I must have been shaking like crazy because I heard the timer ask, “Are you nervous?”

“Just a little. I haven’t swum this in about two years and I’ve never swam it in a long course pool,” I replied.

“Don’t worry, you’ll do great. Just do your best. In fact, I think you’ll get the state cut.”

“What? That’s crazy! I have to be at least a minute off.”

“Not quite. You have a time of 2.12:08. The state time is 1.40:32.”

“I’m still way off. I won’t get it.”

“You never know. Good luck!”

This timer is really optimistic, I thought.

“Heat two,” the official announced.

Oh gosh, this is my heat.

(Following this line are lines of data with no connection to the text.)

(* Let $\mathcal{Q}\subset\mathbb{R}^2$ be a convex polygon and $Q\in\mathcal{Q}$ one of its vertices. Let $\delta>0$ and $\bar Q\in\mathbb{R}^2$ with $\|Q-\bar Q\|<\delta$. Suppose there is $r>0$ with $\|Q\|>r$ such that \[ \frac{\langle Q,Q-P_j\rangle}{\|Q\|\,\|Q-P_j\|}\ge\frac{\delta}{r} \] for all other vertices $P_j\in\mathcal{Q}\setminus\{Q\}$. Then $Q$ is $\delta$-locally maximally distant with respect to $\bar Q$.
   Context: A convex polygon is a finite set of points of $\mathbb{R}^2$, not all on one line, in convex position (its points are its vertices). For a vertex $Q$ of a convex polygon $\mathcal{Q}$ and $\bar Q\in\mathbb{R}^2$ with $\|Q-\bar Q\|<\delta$, $Q$ is called $\delta$-locally maximally distant with respect to $\bar Q$ if $\|Q\|>\|A\|$ for every $A$ in the intersection of the open disk of radius $\delta$ centered at $\bar Q$ with the interior of the convex hull of $\mathcal{Q}$. *)

theory Defs
  imports "HOL-Analysis.Analysis"
begin

definition convex_polygon :: "(real^2) set \<Rightarrow> bool" where
  "convex_polygon P \<longleftrightarrow> finite P \<and> \<not> collinear P \<and>
     (\<forall>p\<in>P. p \<notin> convex hull (P - {p}))"

definition loc_max_distant :: "real \<Rightarrow> (real^2) set \<Rightarrow> real^2 \<Rightarrow> real^2 \<Rightarrow> bool" where
  "loc_max_distant \<delta> P Q Qbar \<longleftrightarrow>
     (\<forall>A \<in> ball Qbar \<delta> \<inter> interior (convex hull P). norm Q > norm A)"

end

theory Submission
  imports Defs
begin

text \<open>
  With \<open>c = \<delta> \<parallel>Q\<parallel> / r > \<delta>\<close>, every vertex \<open>x\<close> lies in the cone
  \<open>{x. c \<parallel>Q - x\<parallel> \<le> \<langle>Q, Q - x\<rangle>}\<close> with apex \<open>Q\<close>. This cone is convex, so it contains the
  whole polygon. For a point \<open>A\<close> of the cone at distance \<open>d\<close> from \<open>Q\<close> we get
  \<open>\<parallel>A\<parallel>\<^sup>2 = \<parallel>Q\<parallel>\<^sup>2 - 2\<langle>Q, Q - A\<rangle> + d\<^sup>2 \<le> \<parallel>Q\<parallel>\<^sup>2 - d (2c - d)\<close>, which is smaller than
  \<open>\<parallel>Q\<parallel>\<^sup>2\<close> as soon as \<open>0 < d < 2c\<close>. Points of the \<open>\<delta>\<close>-disk around \<open>Qbar\<close> have
  \<open>d < 2\<delta> < 2c\<close>, and \<open>d > 0\<close> for interior points of the polygon because the cone, hence
  the polygon, lies in the half-plane \<open>\<langle>Q, x\<rangle> \<le> \<parallel>Q\<parallel>\<^sup>2\<close>, whose boundary contains \<open>Q\<close>.
\<close>

lemma convex_sublevel_set:
  assumes "convex_on S f"
  shows "convex {x \<in> S. f x \<le> b}"
  unfolding convex_def
proof (intro ballI allI impI)
  fix x y and u v :: real
  assume x: "x \<in> {x \<in> S. f x \<le> b}" and y: "y \<in> {x \<in> S. f x \<le> b}"
    and uv: "0 \<le> u" "0 \<le> v" "u + v = 1"
  have "u *\<^sub>R x + v *\<^sub>R y \<in> S"
    using assms x y uv convex_on_imp_convex unfolding convex_def by blast
  moreover have "f (u *\<^sub>R x + v *\<^sub>R y) \<le> b"
    using convex_lower[OF assms _ _ uv] x y by fastforce
  ultimately show "u *\<^sub>R x + v *\<^sub>R y \<in> {x \<in> S. f x \<le> b}" by blast
qed

lemma convex_on_inner_left: "convex_on UNIV (\<lambda>x. a \<bullet> x)"
  by (simp add: convex_on_def inner_add_right)

lemma convex_cone_at_apex:
  fixes Q :: "'a::real_inner" and c :: real
  assumes "c \<ge> 0"
  shows "convex {x. c * norm (Q - x) \<le> Q \<bullet> (Q - x)}"
proof -
  have "convex_on UNIV (\<lambda>x. c * dist Q x + Q \<bullet> x)"
    using assms convex_on_inner_left by (intro convex_on_add convex_on_cmul convex_on_dist) auto
  then have "convex {x \<in> UNIV. c * dist Q x + Q \<bullet> x \<le> Q \<bullet> Q}"
    by (rule convex_sublevel_set)
  moreover have "{x \<in> UNIV. c * dist Q x + Q \<bullet> x \<le> Q \<bullet> Q} = {x. c * norm (Q - x) \<le> Q \<bullet> (Q - x)}"
    by (auto simp: dist_norm inner_diff_right)
  ultimately show ?thesis by simp
qed

lemma apex_notin_interior_of_subset_cone:
  fixes Q :: "'a::euclidean_space"
  assumes "S \<subseteq> {x. c * norm (Q - x) \<le> Q \<bullet> (Q - x)}" and "c \<ge> 0" and "Q \<noteq> 0"
  shows "Q \<notin> interior S"
proof -
  have "S \<subseteq> {x. Q \<bullet> x \<le> Q \<bullet> Q}"
  proof
    fix x assume "x \<in> S"
    then have "c * norm (Q - x) \<le> Q \<bullet> Q - Q \<bullet> x"
      using assms(1) by (auto simp: inner_diff_right)
    moreover have "0 \<le> c * norm (Q - x)"
      using assms(2) by simp
    ultimately show "x \<in> {x. Q \<bullet> x \<le> Q \<bullet> Q}"
      by simp
  qed
  then have "interior S \<subseteq> {x. Q \<bullet> x < Q \<bullet> Q}"
    using interior_mono interior_halfspace_le[OF assms(3)] by blast
  then show ?thesis
    by auto
qed

lemma subset_cone_of_angle_bound:
  fixes P :: "'a::real_inner set"
  assumes "\<forall>x \<in> P - {Q}. k \<le> (Q \<bullet> (Q - x)) / (norm Q * norm (Q - x))" and "Q \<noteq> 0"
  shows "P \<subseteq> {x. k * norm Q * norm (Q - x) \<le> Q \<bullet> (Q - x)}"
proof
  fix x assume "x \<in> P"
  show "x \<in> {x. k * norm Q * norm (Q - x) \<le> Q \<bullet> (Q - x)}"
  proof (cases "x = Q")
    case False
    then have "norm Q * norm (Q - x) > 0"
      using assms(2) by simp
    moreover have "k \<le> (Q \<bullet> (Q - x)) / (norm Q * norm (Q - x))"
      using assms(1) \<open>x \<in> P\<close> False by blast
    ultimately show ?thesis
      by (simp add: pos_le_divide_eq mult.assoc)
  qed simp
qed

lemma norm_less_in_cone_near_apex:
  fixes Q A :: "'a::real_inner"
  assumes cone: "c * norm (Q - A) \<le> Q \<bullet> (Q - A)"
    and near: "0 < norm (Q - A)" "norm (Q - A) < 2 * c"
  shows "norm A < norm Q"
proof -
  define d where "d = norm (Q - A)"
  have "(norm A)\<^sup>2 = (norm Q)\<^sup>2 - 2 * (Q \<bullet> (Q - A)) + d\<^sup>2"
    unfolding d_def by (simp add: power2_norm_eq_inner inner_diff_left inner_diff_right inner_commute)
  also have "\<dots> \<le> (norm Q)\<^sup>2 - d * (2 * c - d)"
    using cone unfolding d_def by (simp add: power2_eq_square algebra_simps)
  also have "\<dots> < (norm Q)\<^sup>2"
    using near unfolding d_def by simp
  finally show ?thesis
    using power_less_imp_less_base by fastforce
qed

theorem lemma5p12:
  fixes P :: "(real^2) set" and Q Qbar :: "real^2" and \<delta> r :: real
  assumes "convex_polygon P" and "Q \<in> P"
    and "\<delta> > 0" and "norm (Q - Qbar) < \<delta>"
    and "r > 0" and "norm Q > r"
    and "\<forall>Pj \<in> P - {Q}. (Q \<bullet> (Q - Pj)) / (norm Q * norm (Q - Pj)) \<ge> \<delta> / r"
  shows "loc_max_distant \<delta> P Q Qbar"
proof -
  define c where "c = \<delta> / r * norm Q"
  let ?cone = "{x. c * norm (Q - x) \<le> Q \<bullet> (Q - x)}"
  have "\<delta> < c" and "Q \<noteq> 0"
    using assms(3,5,6) by (auto simp: c_def field_simps)
  have "P \<subseteq> ?cone"
    using subset_cone_of_angle_bound[OF assms(7) \<open>Q \<noteq> 0\<close>] by (simp add: c_def)
  then have hull_cone: "convex hull P \<subseteq> ?cone"
    using \<open>\<delta> < c\<close> assms(3) by (simp add: hull_minimal convex_cone_at_apex)
  have "Q \<notin> interior (convex hull P)"
    using apex_notin_interior_of_subset_cone[OF hull_cone] \<open>\<delta> < c\<close> assms(3) \<open>Q \<noteq> 0\<close> by simp
  show ?thesis
    unfolding loc_max_distant_def
  proof
    fix A assume A: "A \<in> ball Qbar \<delta> \<inter> interior (convex hull P)"
    then have "0 < norm (Q - A)"
      using \<open>Q \<notin> interior (convex hull P)\<close> by auto
    moreover have "norm (Q - A) < 2 * c"
      using A assms(4) \<open>\<delta> < c\<close> norm_triangle_lt[of "Q - Qbar" "Qbar - A"] by (simp add: dist_norm)
    ultimately show "norm A < norm Q"
      using A hull_cone interior_subset norm_less_in_cone_near_apex by fastforce
  qed
qed

end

Well, here goes nothing.

“Take your mark.” BEEP!

At that moment, everything in my mind was cleared out except for swimming. I dove in to the pool with an adrenaline rush. As soon as I surfaced, I swung my arms like never before. I was careful not to waste all my energy. As I was fighting my battle through the water, I realized that this was a lot easier than two years ago. Although it was easy, it was still exhausting. I started to get tired but I thought, No. I’m not giving up. I decided, right there in the pool, that I would never, ever be scared of another event.

After turning to my second lap and seeing all my friends cheering for me, I kicked it up a notch. As tired and beat up as I was, no way was I going to back down. I’ve gone this far, I’m going to finish what I started – especially because it comes so natural to me. I reached the half point mark and I swam like there was no tomorrow. My only goal was to reach the wall and be proud. I didn’t care if I lost or if I added a ton of time. All I cared about was that I had done my best.

I finally reached the touchpad and looked around. No one else was at the wall. I thought, Did I really do that bad? Is everyone already out of the pool? I looked at the scoreboard and saw my place: 1st. That didn’t make sense, unless… I looked behind me and everyone was still finishing up! I whipped my head around to look at my time and then I blinked. I looked again… same thing: 1.35:38. My jaw dropped open and I just couldn’t think.

“I told you that you would get it.”

I looked up to see the timer smiling down at me. I grinned back at him and he pulled me out of the pool. I looked around and saw my coach’s face filled with pride. I saw my mom’s friend, Mrs. Morrison, screaming on the phone, talking to my mom. The last thing I saw was my friends’ faces: jaws dropped open and then jumping up on down with happiness. This, I realized, was just the beginning of my swimming career.